It is sometimes easy to forget that a little over three years ago Viktor Yushchenko was the lion of global democracy, championed in Brussels and Washington as the greatest advocate of transparent government and free elections in the former Soviet world. As the heroic leader of the Orange Revolution, he was accorded more positive international media coverage than any leader since Gorbachev in the final years of the Soviet empire. Since those heady days Yushchenko’s presidency has been damaged by repeated compromises with the old regime and internal divides which have greatly weakened the once formidable Orange alliance. His popularity has dwindled and his party has been trounced in consecutive elections.
The cracks which existed within the Orange alliance of 2004 were papered over prior to both the March 2006 parliamentary elections and last year’s September snap vote. On each occasion it has been Tymoshenko who has triumphed and then been asked to make concessions. Yushchenko, meanwhile, has twice followed up Orange success at the polls by attempting to undermine his erstwhile ally and pursue a broad coalition with elements from the Party of Regions. This is presumably due to the sense of panic generated by Tymoshenko’s continually soaring popularity ratings and genuine nationwide appeal, both of which have proven beyond the grasp of Yushchenko. It also reflects an undemocratic outlook that is totally at odds with the President’s publicly stated position.
A desperate plot
Attempts to broker post-election deals with his primary campaign rivals have already severely undermined Yushchenko’s credentials as the father of Ukrainian democracy. The latest scheme, according to government sources, involves persuading members of his Our Ukraine party to ditch the Orange coalition and vote against the Tymoshenko government. Speculation is mounting that we will witness this plot put into motion some time in the coming month. Yushchenko’s presidential chief of staff Vitkor Baloha has so far taken the public lead by creating a breakaway faction within Our Ukraine, but the strategy bares all the hallmarks of the backroom dealings with which Yushchenko’s presidency has become synonymous.
The Baloha breakaway strategy is a plan that flies in the face of the promises made during the September 2007 election campaign, and one that has little chance of achieving even limited, short-term success. Eventually Yushchenko would be forced to go to the polls, and any new election would surely bring Yulia Tymoshenko a landslide victory. Such is her commanding position that only Tymoshenko’s physical removal could now prevent her from triumphing if she is forced to campaign once more, a position of strength which must be apparent to all parties. It is little wonder, therefore, that the PM has been so uncharacteristically restrained when confronted by the tirades of presidential criticism to which she has been subjected in recent months.
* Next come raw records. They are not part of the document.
text \<open>A superharmonic majorant of the indicator of Z bounds the probability of reaching Z; here B
  is a prefix-free set of increment paths leading the chain driven by step into Z.\<close>
lemma sum_path_prob_le_superharmonic:
  fixes step :: "'s \<Rightarrow> gen \<Rightarrow> 's" and pos :: "'s \<Rightarrow> nat" and H :: "'s \<Rightarrow> real"
  assumes pos_step: "\<And>s a. pos (step s a) = snd a"
    and step_closed: "\<And>s a. s \<in> S \<Longrightarrow> a \<in> moves (pos s) \<Longrightarrow> step s a \<in> S"
    and pos_S: "\<And>s. s \<in> S \<Longrightarrow> pos s \<in> {1..N}"
    and H_nonneg: "\<And>s. s \<in> S \<Longrightarrow> 0 \<le> H s"
    and H_target: "\<And>s. s \<in> S \<Longrightarrow> s \<in> Z \<Longrightarrow> 1 \<le> H s"
    and H_super: "\<And>s. s \<in> S \<Longrightarrow> s \<notin> Z \<Longrightarrow>
        (\<Sum>a\<in>moves (pos s). p (pos s) (snd a) (fst a) * H (step s a)) \<le> H s"
  shows "s \<in> S \<Longrightarrow> prefix_free B \<Longrightarrow>
    (\<And>g. g \<in> B \<Longrightarrow> valid_word N (pos s) g \<and> length g < M \<and> foldl step s g \<in> Z) \<Longrightarrow>
    sum (path_prob p (pos s)) B \<le> H s"
proof (induction M arbitrary: s B)
  case 0
  then show ?case using H_nonneg by (cases "B = {}") auto
next
  case (Suc M)
  show ?case
  proof (cases "s \<in> Z")
    case True
    then show ?thesis
      using sum_path_prob_prefix_free_le_1[of "pos s" B "Suc M"] Suc.prems pos_S H_target
      by fastforce
  next
    case False
    then have "[] \<notin> B" using Suc.prems(3) by fastforce
    have "finite B"
      by (rule finite_subset[OF _ finite_valid_words[of N "pos s" "Suc M"]])
        (use Suc.prems in auto)
    have "sum (path_prob p (pos s)) B = (\<Sum>a\<in>moves (pos s).
            p (pos s) (snd a) (fst a) * sum (path_prob p (snd a)) {g. a # g \<in> B})"
      using \<open>finite B\<close> \<open>[] \<notin> B\<close> Suc.prems(3) by (intro sum_path_prob_first_step) auto
    also have "\<dots> \<le> (\<Sum>a\<in>moves (pos s). p (pos s) (snd a) (fst a) * H (step s a))"
    proof (intro sum_mono mult_left_mono)
      fix a assume a: "a \<in> moves (pos s)"
      show "0 \<le> p (pos s) (snd a) (fst a)" using p_move_nonneg[OF pos_S[OF Suc.prems(1)] a] .
      have "valid_word N (snd a) g \<and> length g < M \<and> foldl step (step s a) g \<in> Z"
        if "a # g \<in> B" for g
        using Suc.prems(3)[OF that] by (simp add: valid_word_Cons)
      then show "sum (path_prob p (snd a)) {g. a # g \<in> B} \<le> H (step s a)"
        using Suc.IH[of "step s a" "{g. a # g \<in> B}"] Suc.prems(1,2) a
        by (simp add: pos_step step_closed prefix_free_Cons_residual)
    qed
    also have "\<dots> \<le> H s" using H_super Suc.prems(1) False .
    finally show ?thesis .
  qed
qed

lemma hit_prob_nonneg: "i \<in> {1..N} \<Longrightarrow> 0 \<le> hit_prob p N i w n"
  unfolding hit_prob_def first_hit_paths_def by (auto intro!: sum_nonneg path_prob_nonneg)

lemma R_gen_1_le_of_partial_sums:
  assumes "i \<in> {1..N}" and "\<And>M. (\<Sum>n<M. hit_prob p N i [(k, j)] n) \<le> b"
  shows "R_gen p N i j k 1 \<le> b"
proof -
  have "summable (\<lambda>n. hit_prob p N i [(k, j)] n)"
    using assms by (intro summableI_nonneg_bounded) (auto intro: hit_prob_nonneg)
  then show ?thesis
    unfolding R_gen_def using assms(2) by (simp add: suminf_le_const)
qed

text \<open>For the target x = A_{i,j}^(k) the walk is followed through x^(-1) W_n, kept as a
  reduced stack based at j: it starts as [(k, i)], and W_n = x exactly when the stack is empty.\<close>
lemma sum_hit_prob_le_stack_superharmonic:
  fixes H :: "gen list \<Rightarrow> real"
  assumes H_nonneg: "\<And>s. reduced N j s \<Longrightarrow> 0 \<le> H s" and H_empty: "H [] = 1"
    and H_super: "\<And>s. reduced N j s \<Longrightarrow> s \<noteq> [] \<Longrightarrow>
       (\<Sum>a\<in>moves (stack_tgt j s). p (stack_tgt j s) (snd a) (fst a) * H (stack_push j s a)) \<le> H s"
    and i: "i \<in> {1..N}" and j: "j \<in> {1..N}" and ij: "i \<noteq> j" and k: "k \<in> {-1, 1}"
  shows "(\<Sum>n<M. hit_prob p N i [(k, j)] n) \<le> H [(k, i)]"
proof -
  let ?B = "\<Union>n<M. first_hit_paths N i [(k, j)] n"
  have start: "reduced N j [(k, i)]" "stack_tgt j [(k, i)] = i"
    using i ij k by auto
  have "sum (path_prob p (stack_tgt j [(k, i)])) ?B \<le> H [(k, i)]"
  proof (rule sum_path_prob_le_superharmonic[where S = "{s. reduced N j s}" and Z = "{[]}"])
    show "stack_push j s a \<in> {s. reduced N j s}"
      if "s \<in> {s. reduced N j s}" "a \<in> moves (stack_tgt j s)" for s a
      using that by (cases a) (auto intro: reduced_push)
    show "stack_tgt j s \<in> {1..N}" if "s \<in> {s. reduced N j s}" for s
      using that j by (cases s) auto
    show "valid_word N (stack_tgt j [(k, i)]) g \<and> length g < M \<and>
          foldl (stack_push j) [(k, i)] g \<in> {[]}" if "g \<in> ?B" for g
    proof -
      from that obtain n where "n < M" "length g = n" "valid_word N i g" "word_eq N i g [(k, j)]"
        by (auto simp: first_hit_paths_def)
      moreover have "foldl (stack_push j) [(k, i)] g = foldl (stack_push j) [(k, i)] [(k, j)]"
        using foldl_push_word_eq[OF start] \<open>word_eq N i g [(k, j)]\<close> .
      ultimately show ?thesis by simp
    qed
  qed (use start H_nonneg H_empty H_super prefix_free_first_hit_paths in auto)
  then show ?thesis by (simp add: sum_hit_prob_eq)
qed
She is literally scoring points just by soaking up the abuse.
Too late make peace?
Ultimately, the only way Yushchenko could conceivably hope to be re-elected in 2009 would be with the public backing of Tymoshenko herself. The fact that he appears intent on provoking an outright confrontation would suggest that he has long since lost touch with political realities. There is much circumstantial evidence to suggest that this is indeed the case. Government insiders have told me on numerous occasions that access to the President is controlled by a small group of advisers who are using his office to pursue their own ambitions. He is, in other words, being manipulated. This is an all too familiar excuse and one that echoes the old, old adage of the Good Tsar who would rid the empire of all injustice if only he could, but who is consistently undermined by corrupt underlings.
Personally I do not think that Yushchenko is any more cut off from reality than he himself wishes to be. He is simply be stuck in the past, trapped in the Kuchma-era mentality that he himself was so instrumental in driving out of the Ukrainian political arena. As a result Yushchenko may soon find that history has passed him by. If that proves to be the case, he will only have himself to blame.